Here is the most trivial version of an iterator and its usage:
inert string mixedcase = "Mixed-case String that We are going to iterate over.";
iterator mc_iter = iteratify mixedcase uppercase;
inert string upper = inline foreach mc_iter;
Remember that inline tells us something about things being handled in a single execution context as the parent, and that things, lacking awaits, will run non-preemptively. Next to that, inline enables the actual use of the return callables.
Before we get into the complexities, let's first look into what we can create iterators from and what modifiers we can use when creating an iterator. Let's start with the filter. To understand the filter, we need to discuss the special node token first. The __node__ or rather lang.Itterator.__node__ is something that can only be used in a filter definition inside a iteratively:
iterator mc_iter = iteratify mixedcase |||
uppercase_ascii uppercase_unicode |||
iterfilter lang.unicode.isascii __node__;
So what is happening here? We are wiring up our iterator with a kind of if/else logic. We are saying:
- Make an iterator for our mixedcase string
- Use the uppercase_ascii acrorito for each ascii character as defined by our filter
- Use the uppercase_unicode actorcito for each non ascii character as defined by our filter
- Define a filter using the lang.unicode.isascii expression to check if node (a single character) is an ascii character.

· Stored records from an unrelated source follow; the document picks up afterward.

lemma pseudo_dist_aut_map:
  assumes p: "p \<in> AutP" and x: "cmod x < 1" and y: "cmod y < 1"
  shows "pseudo_dist (aut_map p x) (aut_map p y) = pseudo_dist x y"
proof -
  obtain u a where p_eq: "p = (u, a)" by (cases p)
  have a: "cmod a < 1" and u: "cmod u = 1" "cnj u * u = 1"
    using p by (auto simp: p_eq AutP_iff norm_eq_1_mult_cnj mult.commute)
  define dx where "dx = 1 - cnj a * x"
  define dy where "dy = 1 - cnj a * y"
  define A where "A = 1 - a * cnj a"
  have dx: "dx \<noteq> 0" and dy: "dy \<noteq> 0" and dxy: "1 - cnj x * y \<noteq> 0"
    using one_minus_cnj_mult_nonzero[OF a x] one_minus_cnj_mult_nonzero[OF a y]
      one_minus_cnj_mult_nonzero[OF x y] by (simp_all add: dx_def dy_def)
  have "(cmod a)\<^sup>2 < 1"
    using a by (simp add: abs_square_less_1)
  moreover have "A = complex_of_real (1 - (cmod a)\<^sup>2)"
    unfolding A_def using complex_norm_square[of a] by simp
  ultimately have A: "A \<noteq> 0"
    by (simp only: of_real_eq_0_iff)
  have mx: "aut_map p x = u * (x - a) / dx" and my: "aut_map p y = u * (y - a) / dy"
    by (simp_all add: aut_map_def p_eq dx_def dy_def)
  have num: "aut_map p x - aut_map p y = u * (x - y) * A / (dx * dy)"
    unfolding mx my using dx dy by (simp add: field_simps; simp add: A_def dx_def dy_def algebra_simps)
  have "cnj (aut_map p x) * aut_map p y = (cnj u * u) * (cnj x - cnj a) * (y - a) / (cnj dx * dy)"
    unfolding mx my by (simp add: field_simps)
  also have "cnj dx * dy - (cnj x - cnj a) * (y - a) = A * (1 - cnj x * y)"
    unfolding dx_def dy_def A_def by (simp add: algebra_simps)
  then have "(cnj u * u) * (cnj x - cnj a) * (y - a) / (cnj dx * dy)
      = 1 - A * (1 - cnj x * y) / (cnj dx * dy)"
    using dx dy u(2) by (simp add: field_simps)
  finally have den: "1 - cnj (aut_map p x) * aut_map p y = A * (1 - cnj x * y) / (cnj dx * dy)"
    by simp
  have "(aut_map p x - aut_map p y) / (1 - cnj (aut_map p x) * aut_map p y)
      = u * (x - y) * cnj dx / (dx * (1 - cnj x * y))"
    unfolding num den using dx dy A dxy by (simp add: field_simps)
  then have "pseudo_dist (aut_map p x) (aut_map p y)
      = cmod (x - y) * cmod dx / (cmod dx * cmod (1 - cnj x * y))"
    using u by (simp add: pseudo_dist_def norm_mult norm_divide)
  also have "\<dots> = pseudo_dist x y"
    using dx by (simp add: pseudo_dist_def norm_divide)
  finally show ?thesis .
qed

lemma pseudo_dist_half_point:
  assumes "0 < c" "c < 1"
  defines "t \<equiv> complex_of_real (half_point c)"
  shows "pseudo_dist t (- t) = c"
proof -
  note h = half_point[OF assms(1,2)]
  have "(t - - t) / (1 - cnj t * - t) = complex_of_real (2 * half_point c / (1 + (half_point c)\<^sup>2))"
    by (simp add: t_def power2_eq_square)
  also have "2 * half_point c / (1 + (half_point c)\<^sup>2) = c * (1 + (half_point c)\<^sup>2) / (1 + (half_point c)\<^sup>2)"
    using h(3) by simp
  also have "\<dots> = c"
    by (metis add_pos_nonneg less_irrefl nonzero_mult_div_cancel_right zero_le_power2 zero_less_one)
  finally show ?thesis
    using assms(1) by (simp add: pseudo_dist_def)
qed

lemma aut_fixing_opposite_points_eq_id:
  fixes t :: real
  assumes x: "x \<in> AutP" and t: "0 < t" "t < 1"
    and fixed: "aut_map x t = t" "aut_map x (- t) = - t"
  shows "x = (1, 0)"
proof -
  obtain v b where x_eq: "x = (v, b)" by (cases x)
  have b: "cmod b < 1"
    using x by (simp add: x_eq AutP_iff)
  have d1: "1 - cnj b * t \<noteq> 0" and d2: "1 - cnj b * (- t) \<noteq> 0"
    using t one_minus_cnj_mult_nonzero[OF b, of t] one_minus_cnj_mult_nonzero[OF b, of "- t"] by simp_all
  have e1: "v * (t - b) = t * (1 - cnj b * t)"
    using fixed(1) d1 unfolding aut_map_def x_eq by (simp add: field_simps)
  have e2: "v * (- t - b) = - t * (1 - cnj b * (- t))"
    using fixed(2) d2 unfolding aut_map_def x_eq by (simp add: field_simps)
  have "2 * t * v = v * (t - b) - v * (- t - b)"
    by (simp add: algebra_simps)
  also have "\<dots> = 2 * t"
    unfolding e1 e2 by (simp add: algebra_simps)
  finally have v: "v = 1"
    using t by simp
  have "2 * b = - (v * (t - b) + v * (- t - b))"
    unfolding v by (simp add: algebra_simps)
  also have "\<dots> = 2 * (cnj b * complex_of_real (t * t))"
    unfolding e1 e2 by (simp add: algebra_simps)
  finally have "cmod b = cmod (cnj b * complex_of_real (t * t))"
    by simp
  also have "\<dots> = cmod b * (t * t)"
    by (simp add: norm_mult)
  finally have "cmod b = cmod b * (t * t)" .
  moreover have "t * t < 1"
    using t mult_strict_mono[of t 1 t 1] by simp
  ultimately have "b = 0"
    using mult_strict_left_mono[of "t * t" 1 "cmod b"] by (cases "b = 0") auto
  then show ?thesis
    by (simp add: x_eq v)
qed

lemma aut_eq_if_agree_on_opposite_points:
  fixes t :: real
  assumes p: "p \<in> AutP" and q: "q \<in> AutP" and t: "0 < t" "t < 1"
    and agree: "aut_map p t = aut_map q t" "aut_map p (- t) = aut_map q (- t)"
  shows "p = q"
proof -
  define x where "x = aut_comp (aut_inv q) p"
  have x: "x \<in> AutP"
    unfolding x_def using p q by (simp add: aut_comp_AutP aut_inv_AutP)
  have inv: "aut_map (aut_inv q) (aut_map q z) = z" if "cmod z < 1" for z
    using aut_map_aut_comp[OF aut_inv_AutP[OF q] q that] by (simp add: aut_comp_inv_left[OF q] aut_map_def)
  have "aut_map x z = aut_map (aut_inv q) (aut_map p z)" if "cmod z < 1" for z
    unfolding x_def using p q that by (simp add: aut_map_aut_comp aut_inv_AutP)
  then have "x = (1, 0)"
    using t agree inv by (intro aut_fixing_opposite_points_eq_id[OF x t]) auto
  then have "aut_comp q x = q"
    by simp
  moreover have "aut_comp q x = p"
    unfolding x_def using p q by (simp add: aut_comp_assoc[symmetric] aut_comp_inv_right aut_inv_AutP)
  ultimately show ?thesis
    by simp
qed

definition pair_map :: "real \<Rightarrow> complex \<times> complex \<Rightarrow> complex \<times> complex" where
  "pair_map c p =
     sym_pair (aut_map p (complex_of_real (half_point c))) (aut_map p (- complex_of_real (half_point c)))"

lemma pair_map_act_0:
  assumes "0 < c" "c < 1" "p \<in> AutP"
  shows "pair_map c (act_0 p) = pair_map c p"
  using assms half_point[OF assms(1,2)] by (simp add: pair_map_def aut_map_act_0 sym_pair_commute)

lemma pair_map_in_Lset:
  assumes c: "0 < c" "c < 1" and p: "p \<in> AutP"
  shows "pair_map c p \<in> Lset c"
proof -
  define t where "t = complex_of_real (half_point c)"
  have t: "cmod t < 1" "cmod (- t) < 1"
    using half_point[OF c] by (simp_all add: t_def)
  have "pseudo_dist (aut_map p t) (aut_map p (- t)) = c"
    using pseudo_dist_aut_map[OF p t] pseudo_dist_half_point[OF c] by (simp add: t_def)
  then show ?thesis
    unfolding Lset_eq pair_map_def t_def[symmetric] using aut_map_in_disc[OF p] t by blast
qed

lemma pair_map_eq_imp:
  assumes c: "0 < c" "c < 1" and p: "p \<in> AutP" and q: "q \<in> AutP"
    and eq: "pair_map c p = pair_map c q"
  shows "q = p \<or> q = act_0 p"
proof -
  define t where "t = complex_of_real (half_point c)"
  note h = half_point[OF c]
  have t: "cmod t < 1" "cmod (- t) < 1"
    using h by (simp_all add: t_def)
  from eq consider "aut_map p t = aut_map q t" "aut_map p (- t) = aut_map q (- t)"
    | "aut_map p t = aut_map (act_0 q) t" "aut_map p (- t) = aut_map (act_0 q) (- t)"
    using sym_pair_eq_imp aut_map_act_0[OF q t(1)] aut_map_act_0[OF q t(2)]
    unfolding pair_map_def t_def[symmetric] by fastforce
  then show ?thesis
  proof cases
    case 1
    then show ?thesis
      using aut_eq_if_agree_on_opposite_points[OF p q h(1,2)] by (simp add: t_def)
  next
    case 2
    then have "p = act_0 q"
      using aut_eq_if_agree_on_opposite_points[OF p act_0_AutP[OF q] h(1,2)] by (simp add: t_def)
    then show ?thesis
      using act_0_act_0[OF q] by simp
  qed
qed

lemma norm_rotation_of_pseudo_dist:
  assumes "0 < c" "pseudo_dist z1 z2 = c"
  shows "cmod ((z1 - z2) / (complex_of_real c * (1 - cnj z1 * z2))) = 1"
proof -
  have "cmod ((z1 - z2) / (complex_of_real c * (1 - cnj z1 * z2))) = pseudo_dist z1 z2 / c"
    using assms(1) by (simp add: pseudo_dist_def norm_mult norm_divide)
  then show ?thesis
    using assms by simp
qed

lemma aut_map_minus_half_point:
  assumes "0 < c" "c < 1"
  defines "t \<equiv> complex_of_real (half_point c)"
  shows "aut_map (w, t) (- t) = - complex_of_real c * w"
proof -
  note h = half_point[OF assms(1,2)]
  have tt: "1 + t * t = complex_of_real (1 + (half_point c)\<^sup>2)"
    by (simp add: t_def power2_eq_square)
  then have "1 + t * t \<noteq> 0"
    by (metis of_real_eq_0_iff add_pos_nonneg zero_le_power2 zero_less_one less_irrefl)
  moreover have "complex_of_real c * (1 + t * t) = complex_of_real (c * (1 + (half_point c)\<^sup>2))"
    by (simp add: tt)
  then have "2 * t = complex_of_real c * (1 + t * t)"
    using h(3) by (simp add: t_def)
  ultimately show ?thesis
    by (simp add: aut_map_def t_def field_simps)
qed

lemma aut_map_inverse_translation:
  assumes "cmod a < 1" "1 - cnj a * z \<noteq> 0"
  shows "aut_map (1, - a) ((z - a) / (1 - cnj a * z)) = z"
proof -
  have "1 - cnj a * a \<noteq> 0"
    using assms(1) assms(1) by (rule one_minus_cnj_mult_nonzero)
  moreover have "(z - a) / (1 - cnj a * z) + a = z * (1 - cnj a * a) / (1 - cnj a * z)"
    "1 + cnj a * ((z - a) / (1 - cnj a * z)) = (1 - cnj a * a) / (1 - cnj a * z)"
    using assms(2) by (simp_all add: field_simps; simp add: algebra_simps)+
  ultimately show ?thesis
    using assms(2) by (simp add: aut_map_def)
qed

text \<open>The automorphism aut_map (1, - z1) o aut_map (w, t): the second factor sends t to 0 and -t
  to - c w, the first sends 0 to z1, and the unimodular w is chosen so that it sends - c w to z2.\<close>

definition pair_lift :: "real \<Rightarrow> complex \<Rightarrow> complex \<Rightarrow> complex \<times> complex" where
  "pair_lift c z1 z2 =
     aut_comp (1, - z1)
       ((z1 - z2) / (complex_of_real c * (1 - cnj z1 * z2)), complex_of_real (half_point c))"

lemma pair_lift:
  assumes c: "0 < c" "c < 1" and z1: "cmod z1 < 1" and z2: "cmod z2 < 1"
    and dist: "pseudo_dist z1 z2 = c"
  shows "pair_lift c z1 z2 \<in> AutP" "pair_map c (pair_lift c z1 z2) = sym_pair z1 z2"
proof -
  define t where "t = complex_of_real (half_point c)"
  define d where "d = 1 - cnj z1 * z2"
  define w where "w = (z1 - z2) / (complex_of_real c * d)"
  have t: "cmod t < 1" "cmod (- t) < 1"
    using half_point[OF c] by (simp_all add: t_def)
  have d: "d \<noteq> 0"
    unfolding d_def using z1 z2 by (rule one_minus_cnj_mult_nonzero)
  have "cmod w = 1"
    unfolding w_def d_def using c(1) dist by (rule norm_rotation_of_pseudo_dist)
  then have A: "(1, - z1) \<in> AutP" "(w, t) \<in> AutP"
    using z1 t by (simp_all add: AutP_iff)
  have lift: "pair_lift c z1 z2 = aut_comp (1, - z1) (w, t)"
    by (simp add: pair_lift_def w_def d_def t_def)
  show "pair_lift c z1 z2 \<in> AutP"
    unfolding lift using A by (rule aut_comp_AutP)
  have "aut_map (pair_lift c z1 z2) t = z1"
    unfolding lift using aut_map_aut_comp[OF A t(1)] by (simp add: aut_map_def)
  moreover have "aut_map (w, t) (- t) = - complex_of_real c * w"
    unfolding t_def by (rule aut_map_minus_half_point[OF c])
  moreover have "- complex_of_real c * w = (z2 - z1) / d"
    unfolding w_def using c d by (simp add: field_simps)
  moreover have "aut_map (1, - z1) ((z2 - z1) / d) = z2"
    unfolding d_def using z1 d[unfolded d_def] by (rule aut_map_inverse_translation)
  ultimately show "pair_map c (pair_lift c z1 z2) = sym_pair z1 z2"
    unfolding pair_map_def t_def[symmetric] using aut_map_aut_comp[OF A t(2)] by (simp add: lift)
qed

lemma local_smooth_roots:
  assumes "a1 \<noteq> a2"
  obtains B Z1 Z2 where "open B" "sym_pair a1 a2 \<in> B" "Z1 \<in> smooth_cfun B" "Z2 \<in> smooth_cfun B"
    "Z1 (sym_pair a1 a2) = a1" "Z2 (sym_pair a1 a2) = a2" "\<forall>y\<in>B. sym_pair (Z1 y) (Z2 y) = y"
proof
  text \<open>Dividing by the square of a1 - a2 makes the discriminant equal to 1 at the base point,
    away from the branch cut of csqrt.\<close>
  define \<delta> where "\<delta> = a1 - a2"
  define discr where "discr y = (fst y * fst y - 4 * snd y) / \<delta>\<^sup>2" for y :: "complex \<times> complex"
  define B where "B = {y. 0 < Re (discr y)}"
  define S where "S y = \<delta> * csqrt (discr y)" for y
  define Z1 where "Z1 y = (fst y + S y) / 2" for y
  define Z2 where "Z2 y = (fst y - S y) / 2" for y
  have \<delta>: "\<delta> \<noteq> 0"
    using assms by (simp add: \<delta>_def)
  show "open B"
    unfolding B_def discr_def by (intro open_Collect_less continuous_intros) (use \<delta> in auto)
  have "fst (sym_pair a1 a2) * fst (sym_pair a1 a2) - 4 * snd (sym_pair a1 a2) = \<delta>\<^sup>2"
    by (simp add: sym_pair_def \<delta>_def power2_eq_square algebra_simps)
  then have "discr (sym_pair a1 a2) = 1"
    using \<delta> by (simp add: discr_def)
  then show "sym_pair a1 a2 \<in> B" "Z1 (sym_pair a1 a2) = a1" "Z2 (sym_pair a1 a2) = a2"
    by (simp_all add: B_def Z1_def Z2_def S_def \<delta>_def sym_pair_def field_simps)
  have "discr \<in> smooth_cfun B"
    unfolding discr_def
    by (intro smooth_cfun_divide smooth_cfun_diff smooth_cfun.mult smooth_cfun_fst smooth_cfun_snd smooth_cfun.const)
      (use \<delta> in simp)
  then have "S \<in> smooth_cfun B"
    unfolding S_def by (intro smooth_cfun.mult smooth_cfun.const smooth_cfun_csqrt) (auto simp: B_def)
  then show "Z1 \<in> smooth_cfun B" "Z2 \<in> smooth_cfun B"
    unfolding Z1_def Z2_def
    by (auto intro!: smooth_cfun_divide smooth_cfun.add smooth_cfun_diff smooth_cfun_fst smooth_cfun.const)
  have "sym_pair (Z1 y) (Z2 y) = y" for y
  proof -
    have "S y * S y = \<delta>\<^sup>2 * (csqrt (discr y))\<^sup>2"
      by (simp add: S_def power2_eq_square mult_ac)
    then have square: "S y * S y = fst y * fst y - 4 * snd y"
      using \<delta> by (simp add: discr_def)
    have "sym_pair (Z1 y) (Z2 y) = (fst y, (fst y * fst y - S y * S y) / 4)"
      by (simp add: sym_pair_def Z1_def Z2_def field_simps)
    then show ?thesis
      unfolding square by simp
  qed
  then show "\<forall>y\<in>B. sym_pair (Z1 y) (Z2 y) = y"
    by blast
qed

We are working with strings. As we discussed before, strings have two faces in Merg-E, the unicode face and the uint8 face. But this isn't just strings, dataframes have string fields and DAG nodes have names that have these two faces as well. That is why asciistring as modifier is implicitly used if none is defined. For a dataframe or DAG this is considered perfectly OK, but for strings being implicit, while not requires is idiomatic:
iterator mc_iter = iteratify utf8strings mixedcase |||
uppercase_ascii uppercase_unicode |||
iterfilter lang.unicode.isascii __node__;
The utf8strings modifier tells the iterator to treat strings like utf8 strings, not raw strings. If we want to iterate over the actual uint8 bytes, we can define so:
iterator mc_iter = iteratify rawbytes mixedcase |||
uppercase_ascii uppercase_unicode |||
iterfilter lang.unicode.isascii __node__;
Here rawbytes gives us an iterator that works with uint8 bytes rather than characters. Please note that we will need an actorcito function with a different function signature.
There is another modifier: sorted, we shouldn't use it on string iterators because it makes no sense, but let's do it anyway just to illustrate, but we'll go back to our simplest example:
inert string mixedcase = "Mixed-case String that We are going to iterate over.";
iterator mc_iter = iteratify sorted mixedcase uppercase;
inert string upper = inline foreach mc_iter;
Now when inline foreach is called, the characters in the string are sorted before being given to the actorcito.
The result is going to be " -.MSWAAAACDEEEEEEEGGGHIIIINNOOORRRRSTTTTTTVX", which is pretty useless but illustrates how things work.
Where this sorting "could" be useful is then iterating (or tree-walking a DAG, but even here, only use it if you really need it because sorting isn't free.
iterator tree_iter = iteratify sorted mydag |||
tree_data_size |||
iterfilter lang.Type.data.scalar.type in __node__.types;
This will create an iterator over a DAG, mydag, that traverses the tree part of the DAG (aliases are treated as leaf nodes), depth first, and invokes the actorcito named tree_data_size with each scalar leaf node.
Now that we have covered the basics of DAG and string iterators, let's have a look at dataframes. These are mostly the same, but both our sorting and our filters are a bit more expressive.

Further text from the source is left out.